Catanzaro-Brescia (2-0). Incursione di Busatta, Mammì in area, la gioia di Ceravolo
al 90° e il titolo in prima pagina della “Gazzetta del Sud” all’indomani della partita.

Numeri giallorossi

Al “Militare” la squadra si è rivelata fortissima, in maniera impensabile all’inizio del campionato. Su 19 incontri disputati, sfilano nella mente del tifoso ben 14 vittorie. Goleade contro il Novara e il Palermo sconfitti per 3-0 e vittorie storiche come quelle ottenute contro Atalanta, Bari e Brescia, dirette rivali per la promozione in serie A. Al “Militare” solo in pochi l’hanno fatta franca, appena quattro squadre, Taranto, Modena e Monza che hanno portato via il pareggio e il Mantova, la sola squadra a vincere in una giornata da bufera.

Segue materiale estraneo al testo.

lemma cone_monotone_if_jacobian_cone_preserving:
  fixes f :: "real^'n \<Rightarrow> real^'n" and J :: "real^'n \<Rightarrow> real^'n^'n" and K :: "real^'n^'n"
    and H :: "real^'n^'m" and V :: "real^'q^'n"
  assumes f_deriv: "\<And>x. (f has_derivative (\<lambda>v. J x *v v)) (at x)"
    and JK_nonneg: "\<And>x. 0 \<le> H ** (J x + K) ** V"
    and V_gen: "{x. 0 \<le> H *v x} = {V *v z | z. 0 \<le> z}"
    and "0 \<le> H *v (y - x)"
  shows "0 \<le> H *v (f y + K *v y - (f x + K *v x))"
  unfolding less_eq_vec_def zero_index
proof
  fix a
  define G where "G u = f u + K *v u" for u
  define d where "d = y - x"
  obtain z where "0 \<le> z" "d = V *v z"
    using V_gen \<open>0 \<le> H *v (y - x)\<close> unfolding d_def by blast
  define \<psi> where "\<psi> s = (H *v G (x + s *\<^sub>R d)) $ a" for s
  have G_deriv: "(G has_derivative (\<lambda>v. (J u + K) *v v)) (at u)" for u
    unfolding G_def using f_deriv[of u]
    by (auto intro!: derivative_eq_intros bounded_linear.has_derivative[OF matrix_vector_mul_bounded_linear]
        simp: matrix_vector_mult_add_rdistrib)
  have \<psi>_deriv: "(\<psi> has_real_derivative (H *v ((J (x + s *\<^sub>R d) + K) *v d)) $ a) (at s)" for s
  proof -
    have "((\<lambda>s. G (x + s *\<^sub>R d)) has_derivative (\<lambda>h. (J (x + s *\<^sub>R d) + K) *v (h *\<^sub>R d))) (at s)"
      by (rule has_derivative_compose[OF _ G_deriv, where f="\<lambda>s. x + s *\<^sub>R d", simplified])
         (auto intro!: derivative_eq_intros)
    then have "(\<psi> has_derivative (\<lambda>h. (H *v ((J (x + s *\<^sub>R d) + K) *v (h *\<^sub>R d))) $ a)) (at s)"
      unfolding \<psi>_def
      by (auto intro!: derivative_eq_intros bounded_linear.has_derivative[OF bounded_linear_vec_nth]
            bounded_linear.has_derivative[OF matrix_vector_mul_bounded_linear])
    then show ?thesis
      by (simp add: has_field_derivative_def matrix_vector_mult_scaleR mult_commute_abs)
  qed
  have "0 \<le> (H *v ((J u + K) *v d)) $ a" for u
    using matrix_vector_mult_nonneg[OF JK_nonneg \<open>0 \<le> z\<close>]
    by (simp add: \<open>d = V *v z\<close> matrix_vector_mul_assoc matrix_mul_assoc less_eq_vec_def)
  then have "\<psi> 0 \<le> \<psi> 1"
    using \<psi>_deriv
    by (intro DERIV_nonneg_imp_increasing_open[of 0 1 \<psi>])
       (auto intro: DERIV_isCont continuous_at_imp_continuous_on)
  then show "0 \<le> (H *v (f y + K *v y - (f x + K *v x))) $ a"
    by (simp add: \<psi>_def G_def d_def matrix_vector_mult_diff_distrib)
qed

lemma lipschitz_if_bounded_jacobian:
  fixes f :: "real^'n \<Rightarrow> real^'m" and J :: "real^'n \<Rightarrow> real^'n^'m"
  assumes f_deriv: "\<And>x. (f has_derivative (\<lambda>v. J x *v v)) (at x)"
    and "bounded (range J)"
  obtains L where "L-lipschitz_on UNIV f"
proof -
  obtain b where b: "\<And>x. norm (J x) \<le> b"
    using \<open>bounded (range J)\<close> by (auto simp: bounded_iff)
  have "\<bar>J x $ i $ j\<bar> \<le> b" for x i j
    using component_le_norm_cart[of "J x $ i" j] Finite_Cartesian_Product.norm_nth_le[of "J x" i] b[of x]
    by linarith
  then have "onorm (\<lambda>v. J x *v v) \<le> real CARD('m) * real CARD('n) * b" for x
    using onorm_le_matrix_component by blast
  then have "norm (f x - f y) \<le> real CARD('m) * real CARD('n) * b * norm (x - y)" for x y
    using f_deriv by (intro differentiable_bound[where S=UNIV]) auto
  moreover have "0 \<le> b"
    using norm_ge_zero b order_trans by blast
  ultimately show ?thesis
    by (intro that[of "real CARD('m) * real CARD('n) * b"] lipschitz_onI) (auto simp: dist_norm)
qed

lemma nonpos_if_nonpos_persists_rightwards:
  fixes \<psi> :: "real \<Rightarrow> real"
  assumes cont: "continuous_on {0..T} \<psi>" and "\<psi> 0 \<le> 0"
    and persists: "\<And>s. 0 \<le> s \<Longrightarrow> s < T \<Longrightarrow> \<psi> s \<le> 0 \<Longrightarrow>
                     \<exists>\<delta>>0. \<forall>h. 0 < h \<and> h < \<delta> \<longrightarrow> \<psi> (s + h) \<le> 0"
    and t: "0 \<le> t" "t \<le> T"
  shows "\<psi> t \<le> 0"
proof (rule ccontr)
  assume "\<not> \<psi> t \<le> 0"
  define Z where "Z = {0..t} \<inter> \<psi> -` {..0}"
  have "compact Z"
    unfolding Z_def compact_eq_bounded_closed using t
    by (intro conjI bounded_Int continuous_closed_preimage continuous_on_subset[OF cont]) auto
  moreover have "0 \<in> Z" using t \<open>\<psi> 0 \<le> 0\<close> by (simp add: Z_def)
  ultimately have s: "Sup Z \<in> Z" and s_max: "\<And>s'. s' \<in> Z \<Longrightarrow> s' \<le> Sup Z"
    by (auto intro!: closed_contains_Sup cSup_upper compact_imp_closed bounded_imp_bdd_above
          compact_imp_bounded)
  define s where "s = Sup Z"
  have "s < t" using s \<open>\<not> \<psi> t \<le> 0\<close> by (auto simp: Z_def s_def less_le)
  then obtain \<delta> where "\<delta> > 0" and \<delta>: "\<And>h. 0 < h \<Longrightarrow> h < \<delta> \<Longrightarrow> \<psi> (s + h) \<le> 0"
    using persists[of s] s t by (auto simp: Z_def s_def)
  define h where "h = min (\<delta> / 2) (t - s)"
  have "s + h \<in> Z"
    using \<delta>[of h] \<open>\<delta> > 0\<close> \<open>s < t\<close> s by (auto simp: Z_def h_def s_def)
  then show False
    using s_max[of "s + h"] \<open>\<delta> > 0\<close> \<open>s < t\<close> by (simp add: h_def s_def)
qed

lemma nonpos_if_dini_linear_bound:
  fixes D :: "real \<Rightarrow> real"
  assumes cont: "continuous_on {0..} D" and "D 0 \<le> 0" and "0 \<le> L"
    and dini: "\<And>t e. 0 \<le> t \<Longrightarrow> 0 < e \<Longrightarrow>
       \<exists>\<delta>>0. \<forall>h. 0 < h \<and> h < \<delta> \<longrightarrow> D (t + h) \<le> (1 + h * L) * D t + e * h"
    and "0 \<le> T"
  shows "D T \<le> 0"
proof (rule field_le_epsilon)
  fix \<epsilon> :: real assume "0 < \<epsilon>"
  define \<phi> where "\<phi> t = \<epsilon> * exp ((L + 1) * (t - T))" for t
  have \<phi>_pos: "0 < \<phi> t" for t using \<open>0 < \<epsilon>\<close> by (simp add: \<phi>_def)
  have "D T - \<phi> T \<le> 0"
  proof (rule nonpos_if_nonpos_persists_rightwards[where \<psi>="\<lambda>t. D t - \<phi> t"])
    show "continuous_on {0..T} (\<lambda>t. D t - \<phi> t)"
      unfolding \<phi>_def by (intro continuous_intros continuous_on_subset[OF cont]) auto
    show "D 0 - \<phi> 0 \<le> 0" using \<open>D 0 \<le> 0\<close> \<phi>_pos[of 0] by simp
  next
    fix s assume "0 \<le> s" "s < T" "D s - \<phi> s \<le> 0"
    obtain \<delta> where "\<delta> > 0"
      and \<delta>: "\<And>h. 0 < h \<Longrightarrow> h < \<delta> \<Longrightarrow> D (s + h) \<le> (1 + h * L) * D s + (\<phi> s / 2) * h"
      using dini[OF \<open>0 \<le> s\<close>, of "\<phi> s / 2"] \<phi>_pos[of s] by auto
    have "D (s + h) - \<phi> (s + h) \<le> 0" if "0 < h" "h < \<delta>" for h
    proof -
      have "D (s + h) \<le> (1 + h * L) * \<phi> s + (\<phi> s / 2) * h"
        using \<delta>[OF that] \<open>D s - \<phi> s \<le> 0\<close> \<open>0 \<le> L\<close> \<open>0 < h\<close>
        by (smt (verit) mult_left_mono zero_le_mult_iff)
      also have "\<dots> \<le> \<phi> s * (1 + (L + 1) * h)"
        using \<phi>_pos[of s] \<open>0 < h\<close> by (simp add: algebra_simps)
      also have "\<dots> \<le> \<phi> s * exp ((L + 1) * h)"
        using \<phi>_pos[of s] by (intro mult_left_mono) auto
      also have "\<dots> = \<phi> (s + h)"
        by (simp add: \<phi>_def algebra_simps flip: exp_add)
      finally show ?thesis by simp
    qed
    then show "\<exists>\<delta>>0. \<forall>h. 0 < h \<and> h < \<delta> \<longrightarrow> D (s + h) - \<phi> (s + h) \<le> 0"
      using \<open>\<delta> > 0\<close> by blast
  qed (use \<open>0 \<le> T\<close> in auto)
  then show "D T \<le> 0 + \<epsilon>" by (simp add: \<phi>_def)
qed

Impressionante la marcia casalinga nel girone di ritorno, solo il Monza, a tre giornate dalla fine del torneo, è riuscito a portare via un punto, tra l’altro strappandolo solo ad una manciata di minuti dalla fine. Solo il Bari, sul proprio terreno, è riuscito a far meglio del Catanzaro, conquistando 15 vittorie e 4 pareggi, conservando così l’imbattibilità casalinga. Ma per il grande orgoglio giallorosso, questo è solo un dettaglio.
Poi il tifoso pensa al Catanzaro formato trasferta. Tre i trionfi, ad Arezzo alla 2a giornata, a Novara alla 1a del girone di ritorno e a Livorno alla penultima di campionato, in un incontro decisivo per continuare a sperare nella promozione, da passare all’album dei ricordi alla pari delle vittorie storiche con Atalanta, Bari e Brescia. Lontano dal “Militare” sono arrivate, inoltre, 9 pareggi. Le domeniche amare, invece, sono state 7. E la testa va al pesante 3-0 di Bergamo contro l’Atalanta e ai 2-0 contro Bari, Monza e Perugia.
In definitiva, una squadra forte anche lontano dal terreno amico, questo Catanzaro di Seghedoni, se si pensa che in trasferta hanno perso meno dei giallorossi le sole Mantova e Brescia (6 volte) e Atalanta (5 volte).
Un grande Catanzaro, insomma, che spicca tra le squadre che hanno conquistato il maggior numero di vittorie (17 come l’Atalanta e con il solo Bari che ha fatto di meglio con 19), il minor numero di pareggi (7 come Novara e Cesena con il solo Perugia a quota 6) e il minor numero di sconfitte (8, contro le 6 di Atalanta e le 7 del Mantova e del Brescia).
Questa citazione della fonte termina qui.